* _Task statement_: Using the records below, find every line that includes "finally" and copy it.

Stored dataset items
definition seq_step :: "'a::real_normed_vector list \<times> nat list \<Rightarrow> 'a \<Rightarrow> 'a list \<times> nat list" where
  "seq_step s x = (let T = fst s; n = snd s; i = closest_idx T x; ni = n ! i + 1
     in (T[i := T ! i + (1 / real ni) *\<^sub>R (x - T ! i)], n[i := ni]))"

text \<open>Sequential k-means on the input sequence xs (assumed length xs \<ge> k).\<close>
definition seq_kmeans :: "nat \<Rightarrow> 'a::real_normed_vector list \<Rightarrow> 'a list" where
  "seq_kmeans k xs = fst (foldl seq_step (take k xs, replicate k 1) (drop k xs))"

end

theory Submission
  imports Defs
begin

(*
  The witness is X = {a, b, c, d} in R^3 with a = (2,0,0), b = (-2,0,0),
  c = (0,2,3), d = (0,-2,3) and the clustering C = {{a,b},{c,d}}.

  1. C is perfect: distances inside a cluster are 4, across clusters sqrt 17.
  2. C minimises the 2-means cost.  For any finite point set, the identity
     sum_{x,y in c} |x-y|^2 = 2 |c| sum_{x in c} |x - mean c|^2 shows that a
     cluster c costs at least (|c| - 1) L / 2 when all squared distances are
     at least L; summing over the clusters, every k-clustering of X costs at
     least (|X| - k) L / 2.  Here L = 16 and C attains the bound 16.
  3. Sequential 2-means never recovers C.  With two centers, the induced
     clustering is determined by the predicate "nearer to the first center";
     C is induced only if this predicate separates {a,b} from {c,d}.  The
     24 orderings of X are enumerated and each run is evaluated symbolically;
     in no case do the final centers separate the pairs.
*)

definition vec3 :: "real \<Rightarrow> real \<Rightarrow> real \<Rightarrow> real^3" where
  "vec3 x y z = vector [x, y, z]"

lemma vec3_eq_iff [simp]: "vec3 a b c = vec3 d e f \<longleftrightarrow> a = d \<and> b = e \<and> c = f"
  by (auto simp: vec3_def vec_eq_iff forall_3)

lemma vec3_diff [simp]: "vec3 a b c - vec3 d e f = vec3 (a - d) (b - e) (c - f)"
  by (simp add: vec3_def vec_eq_iff forall_3)

lemma vec3_add [simp]: "vec3 a b c + vec3 d e f = vec3 (a + d) (b + e) (c + f)"
  by (simp add: vec3_def vec_eq_iff forall_3)

lemma vec3_scaleR [simp]: "r *\<^sub>R vec3 a b c = vec3 (r * a) (r * b) (r * c)"
  by (simp add: vec3_def vec_eq_iff forall_3)

lemma vec3_eq_0_iff [simp]: "vec3 a b c = 0 \<longleftrightarrow> a = 0 \<and> b = 0 \<and> c = 0"
  by (auto simp: vec3_def vec_eq_iff forall_3)

lemma norm_vec3_sq [simp]: "(norm (vec3 a b c))\<^sup>2 = a\<^sup>2 + b\<^sup>2 + c\<^sup>2"
  unfolding power2_norm_eq_inner by (simp add: vec3_def inner_vec_def sum_3 power2_eq_square)

lemma norm_vec3_le_iff [simp]:
  "norm (vec3 a b c) \<le> norm (vec3 d e f) \<longleftrightarrow> a\<^sup>2 + b\<^sup>2 + c\<^sup>2 \<le> d\<^sup>2 + e\<^sup>2 + f\<^sup>2"
  by (metis norm_ge_zero norm_vec3_sq power2_le_iff_abs_le abs_norm_cancel)

lemma norm_vec3_less_iff [simp]:
  "norm (vec3 a b c) < norm (vec3 d e f) \<longleftrightarrow> a\<^sup>2 + b\<^sup>2 + c\<^sup>2 < d\<^sup>2 + e\<^sup>2 + f\<^sup>2"
  by (meson norm_vec3_le_iff not_le)

lemma sum_pairwise_dist_sq:
  fixes c :: "'a::real_inner set"
  assumes "finite c" "c \<noteq> {}"
  shows "(\<Sum>x\<in>c. \<Sum>y\<in>c. (norm (x - y))\<^sup>2)
           = 2 * real (card c) * (\<Sum>x\<in>c. (norm (x - cmean c))\<^sup>2)"
proof -
  define m where "m = cmean c"
  have "real (card c) \<noteq> 0" using assms by simp
  then have centered: "(\<Sum>y\<in>c. y - m) = 0"
    by (simp add: sum_subtractf m_def cmean_def sum_constant_scaleR)
  then have cross: "(\<Sum>y\<in>c. (x - m) \<bullet> (y - m)) = 0" for x
    by (metis inner_sum_right inner_zero_right)
  have expand: "(norm (x - y))\<^sup>2 = (norm (x - m))\<^sup>2 + (norm (y - m))\<^sup>2 - 2 * ((x - m) \<bullet> (y - m))"
    for x y
    using dot_norm_neg[of "x - m" "y - m"] by simp
  have "(\<Sum>x\<in>c. \<Sum>y\<in>c. (norm (x - y))\<^sup>2)
      = (\<Sum>x\<in>c. \<Sum>y\<in>c. (norm (x - m))\<^sup>2 + (norm (y - m))\<^sup>2 - 2 * ((x - m) \<bullet> (y - m)))"
    by (intro sum.cong refl expand)
  also have "\<dots> = (\<Sum>x\<in>c. real (card c) * (norm (x - m))\<^sup>2 + (\<Sum>y\<in>c. (norm (y - m))\<^sup>2)
                  - 2 * (\<Sum>y\<in>c. (x - m) \<bullet> (y - m)))"
    by (simp add: sum.distrib sum_subtractf sum_distrib_left)
  also have "\<dots> = 2 * real (card c) * (\<Sum>x\<in>c. (norm (x - m))\<^sup>2)"
    by (simp add: cross sum.distrib sum_distrib_left[symmetric])
  finally show ?thesis by (simp add: m_def)
qed

lemma cluster_cost_lower_bound:
  fixes c :: "'a::real_inner set"
  assumes "finite c" "c \<noteq> {}"
    and sep: "\<forall>x\<in>c. \<forall>y\<in>c. x \<noteq> y \<longrightarrow> L \<le> (norm (x - y))\<^sup>2"
  shows "(real (card c) - 1) * L / 2 \<le> (\<Sum>x\<in>c. (norm (x - cmean c))\<^sup>2)"
proof -
  have card_pos: "0 < card c" using assms(1,2) by (simp add: card_gt_0_iff)
  have row: "(real (card c) - 1) * L \<le> (\<Sum>y\<in>c. (norm (x - y))\<^sup>2)" if x: "x \<in> c" for x
  proof -
    have "(real (card c) - 1) * L = (\<Sum>y\<in>c - {x}. L)"
      using x assms(1) card_pos by (simp add: card_Diff_singleton of_nat_diff)
    also have "\<dots> \<le> (\<Sum>y\<in>c - {x}. (norm (x - y))\<^sup>2)"
      using sep x by (intro sum_mono) auto
    also have "\<dots> = (\<Sum>y\<in>c. (norm (x - y))\<^sup>2)"
      using x assms(1) by (simp add: sum.remove)
    finally show ?thesis .
  qed
  have "real (card c) * ((real (card c) - 1) * L) = (\<Sum>x\<in>c. (real (card c) - 1) * L)"
    by simp
  also have "\<dots> \<le> (\<Sum>x\<in>c. \<Sum>y\<in>c. (norm (x - y))\<^sup>2)"
    using row by (rule sum_mono)
  also have "\<dots> = real (card c) * (2 * (\<Sum>x\<in>c. (norm (x - cmean c))\<^sup>2))"
    using sum_pairwise_dist_sq[OF assms(1,2)] by simp
  finally show ?thesis
    using card_pos by (simp add: mult_le_cancel_left_pos)
qed

lemma kmeans_cost_lower_bound:
  fixes X :: "'a::real_inner set"
  assumes cl: "is_clustering X C" and "finite X"
    and sep: "\<forall>x\<in>X. \<forall>y\<in>X. x \<noteq> y \<longrightarrow> L \<le> (norm (x - y))\<^sup>2"
  shows "(real (card X) - real (card C)) * L / 2 \<le> kmeans_cost C"
proof -
  have ne: "\<forall>c\<in>C. c \<noteq> {}" and disj: "\<forall>c\<in>C. \<forall>d\<in>C. c \<noteq> d \<longrightarrow> c \<inter> d = {}"
    and union: "\<Union>C = X" using cl by (auto simp: is_clustering_def)
  have fin_cluster: "\<And>c. c \<in> C \<Longrightarrow> finite c"
    using union \<open>finite X\<close> by (metis Union_upper finite_subset)
  have "card X = (\<Sum>c\<in>C. card c)" unfolding union[symmetric]
    by (rule card_Union_disjoint) (use disj fin_cluster in \<open>auto simp: pairwise_def disjnt_def\<close>)
  then have "(real (card X) - real (card C)) * L / 2 = (\<Sum>c\<in>C. (real (card c) - 1) * L / 2)"
    by (simp add: sum_subtractf sum_divide_distrib[symmetric] sum_distrib_right[symmetric])
  also have "\<dots> \<le> kmeans_cost C" unfolding kmeans_cost_def
    using fin_cluster ne sep union by (intro sum_mono cluster_cost_lower_bound) auto
  finally show ?thesis .
qed

lemma length_seq_kmeans:
  assumes "k \<le> length xs"
  shows "length (seq_kmeans k xs) = k"
proof -
  have "length (fst (foldl seq_step s ys)) = length (fst s)" for s and ys :: "'a list"
    by (induction ys arbitrary: s) (simp_all add: seq_step_def Let_def)
  then show ?thesis using assms by (simp add: seq_kmeans_def)
qed

definition nearer_first :: "'a::real_normed_vector list \<Rightarrow> 'a \<Rightarrow> bool" where
  "nearer_first T x \<longleftrightarrow> norm (x - T ! 0) \<le> norm (x - T ! 1)"

lemma closest_idx_two:
  assumes "length T = 2"
  shows "closest_idx T x = (if nearer_first T x then 0 else 1)"
  using assms unfolding closest_idx_def nearer_first_def
  by (intro Least_equality) (auto simp: less_Suc_eq numeral_2_eq_2)

lemma seq_step_two:
  "seq_step ([t0, t1], [n0, n1]) x =
     (if norm (x - t0) \<le> norm (x - t1)
      then ([t0 + (1 / real (n0 + 1)) *\<^sub>R (x - t0), t1], [n0 + 1, n1])
      else ([t0, t1 + (1 / real (n1 + 1)) *\<^sub>R (x - t1)], [n0, n1 + 1]))"
  by (simp add: seq_step_def closest_idx_two nearer_first_def Let_def)

lemma seq_kmeans_two_four:
  "seq_kmeans 2 [p1, p2, p3, p4] = fst (seq_step (seq_step ([p1, p2], [1, 1]) p3) p4)"
  by (simp add: seq_kmeans_def numeral_2_eq_2)

lemma induced_clustering_two:
  assumes "length T = 2"
  shows "induced_clustering X T = {{x\<in>X. nearer_first T x}, {x\<in>X. \<not> nearer_first T x}} - {{}}"
proof -
  have indices: "{..<length T} = {0, 1}" using assms by auto
  have "{x\<in>X. closest_idx T x = 0} = {x\<in>X. nearer_first T x}"
    and "{x\<in>X. closest_idx T x = 1} = {x\<in>X. \<not> nearer_first T x}"
    by (auto simp: closest_idx_two[OF assms])
  then show ?thesis
    unfolding induced_clustering_def indices by (simp only: image_insert image_empty)
qed

lemma induced_two_centers_pairs:
  assumes "length T = 2" "distinct [a, b, c, d]"
    and induced: "induced_clustering {a, b, c, d} T = {{a, b}, {c, d}}"
  shows "nearer_first T a = nearer_first T b \<and> nearer_first T c = nearer_first T d
           \<and> nearer_first T a \<noteq> nearer_first T c"
proof -
  let ?X = "{a, b, c, d}" and ?Q = "nearer_first T"
  have "{a, b} \<in> induced_clustering ?X T" using induced by simp
  then have "{a, b} = {x\<in>?X. ?Q x} \<or> {a, b} = {x\<in>?X. \<not> ?Q x}"
    unfolding induced_clustering_two[OF assms(1)] by blast
  then show ?thesis
  proof
    assume ab: "{a, b} = {x\<in>?X. ?Q x}"
    have "a \<in> {x\<in>?X. ?Q x}" "b \<in> {x\<in>?X. ?Q x}" using ab by auto
    moreover have "c \<notin> {x\<in>?X. ?Q x}" "d \<notin> {x\<in>?X. ?Q x}" using ab assms(2) by auto
    ultimately show ?thesis by auto
  next
    assume ab: "{a, b} = {x\<in>?X. \<not> ?Q x}"
    have "a \<in> {x\<in>?X. \<not> ?Q x}" "b \<in> {x\<in>?X. \<not> ?Q x}" using ab by auto
    moreover have "c \<notin> {x\<in>?X. \<not> ?Q x}" "d \<notin> {x\<in>?X. \<not> ?Q x}" using ab assms(2) by auto
    ultimately show ?thesis by auto
  qed
qed

lemma orderings_of_four:
  assumes "distinct xs" "set xs = {a, b, c, d}" "distinct [a, b, c, d]"
  shows "xs \<in> {[a,b,c,d], [a,b,d,c], [a,c,b,d], [a,c,d,b], [a,d,b,c], [a,d,c,b],
                [b,a,c,d], [b,a,d,c], [b,c,a,d], [b,c,d,a], [b,d,a,c], [b,d,c,a],
                [c,a,b,d], [c,a,d,b], [c,b,a,d], [c,b,d,a], [c,d,a,b], [c,d,b,a],
                [d,a,b,c], [d,a,c,b], [d,b,a,c], [d,b,c,a], [d,c,a,b], [d,c,b,a]}"
proof -
  have "length xs = 4" using assms distinct_card by fastforce
  then obtain x1 x2 x3 x4 where xs: "xs = [x1, x2, x3, x4]"
    by (auto simp: length_Suc_conv numeral_eq_Suc)
  have "x1 \<in> {a, b, c, d}" "x2 \<in> {a, b, c, d}" "x3 \<in> {a, b, c, d}" "x4 \<in> {a, b, c, d}"
    using assms(2) unfolding xs by auto
  moreover have "distinct [x1, x2, x3, x4]" using assms(1) xs by simp
  ultimately show ?thesis using assms(3) unfolding xs insert_iff empty_iff
    by (elim disjE) simp_all
qed

abbreviation "pa \<equiv> vec3 2 0 0"
abbreviation "pb \<equiv> vec3 (-2) 0 0"
abbreviation "pc \<equiv> vec3 0 2 3"
abbreviation "pd \<equiv> vec3 0 (-2) 3"

lemma example_distinct: "distinct [pa, pb, pc, pd]"
  by simp

lemma example_is_clustering: "is_clustering {pa, pb, pc, pd} {{pa, pb}, {pc, pd}}"
  unfolding is_clustering_def by auto

lemma example_card_clusters: "card {{pa, pb}, {pc, pd}} = 2"
  by (simp add: doubleton_eq_iff)

text \<open>Within-pair distance 4, cross distance sqrt 17.\<close>

lemma example_perfect: "perfect_clustering {pa, pb, pc, pd} {{pa, pb}, {pc, pd}}"
  unfolding perfect_clustering_def same_cluster_def dist_norm
  by (simp add: power2_eq_square)

text \<open>Each pair costs 8, which matches the lower bound (4 - 2) 16 / 2.\<close>

lemma example_optimal:
  assumes "is_clustering {pa, pb, pc, pd} C'" "card C' = 2"
  shows "kmeans_cost {{pa, pb}, {pc, pd}} \<le> kmeans_cost C'"
proof -
  have "\<forall>x\<in>{pa, pb, pc, pd}. \<forall>y\<in>{pa, pb, pc, pd}. x \<noteq> y \<longrightarrow> 16 \<le> (norm (x - y))\<^sup>2"
    by simp
  then have "(real (card {pa, pb, pc, pd}) - 2) * 16 / 2 \<le> kmeans_cost C'"
    using kmeans_cost_lower_bound[OF assms(1)] assms(2) by simp
  moreover have "kmeans_cost {{pa, pb}, {pc, pd}} = 16"
    by (simp add: kmeans_cost_def cmean_def doubleton_eq_iff)
  ultimately show ?thesis by simp
qed

lemma example_runs_do_not_separate:
  assumes "distinct xs" "set xs = {pa, pb, pc, pd}"
  defines "Q \<equiv> nearer_first (seq_kmeans 2 xs)"
  shows "\<not> (Q pa = Q pb \<and> Q pc = Q pd \<and> Q pa \<noteq> Q pc)"
proof -
  let ?separates = "\<lambda>T. nearer_first T pa = nearer_first T pb \<and>
     nearer_first T pc = nearer_first T pd \<and> nearer_first T pa \<noteq> nearer_first T pc"
  have "\<forall>ys\<in>{[pa,pb,pc,pd], [pa,pb,pd,pc], [pa,pc,pb,pd], [pa,pc,pd,pb], [pa,pd,pb,pc],
      [pa,pd,pc,pb], [pb,pa,pc,pd], [pb,pa,pd,pc], [pb,pc,pa,pd], [pb,pc,pd,pa], [pb,pd,pa,pc],
      [pb,pd,pc,pa], [pc,pa,pb,pd], [pc,pa,pd,pb], [pc,pb,pa,pd], [pc,pb,pd,pa], [pc,pd,pa,pb],
      [pc,pd,pb,pa], [pd,pa,pb,pc], [pd,pa,pc,pb], [pd,pb,pa,pc], [pd,pb,pc,pa], [pd,pc,pa,pb],
      [pd,pc,pb,pa]}. \<not> ?separates (seq_kmeans 2 ys)"
    by (simp add: seq_kmeans_two_four seq_step_two nearer_first_def power2_eq_square)
  then show ?thesis
    unfolding Q_def by (rule bspec) (rule orderings_of_four[OF assms(1,2) example_distinct])
qed

lemma example_seq_kmeans_fails:
  assumes "distinct xs" "set xs = {pa, pb, pc, pd}"
  shows "induced_clustering {pa, pb, pc, pd} (seq_kmeans 2 xs) \<noteq> {{pa, pb}, {pc, pd}}"
proof -
  have "length xs = 4" using assms example_distinct distinct_card by fastforce
  then have "length (seq_kmeans 2 xs) = 2" by (simp add: length_seq_kmeans)
  then show ?thesis
    using induced_two_centers_pairs[OF _ example_distinct] example_runs_do_not_separate[OF assms]
    by blast
qed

* _Finished task_:
  finally show ?thesis by (simp add: m_def)
    finally show ?thesis .
  finally show ?thesis
  finally show ?thesis .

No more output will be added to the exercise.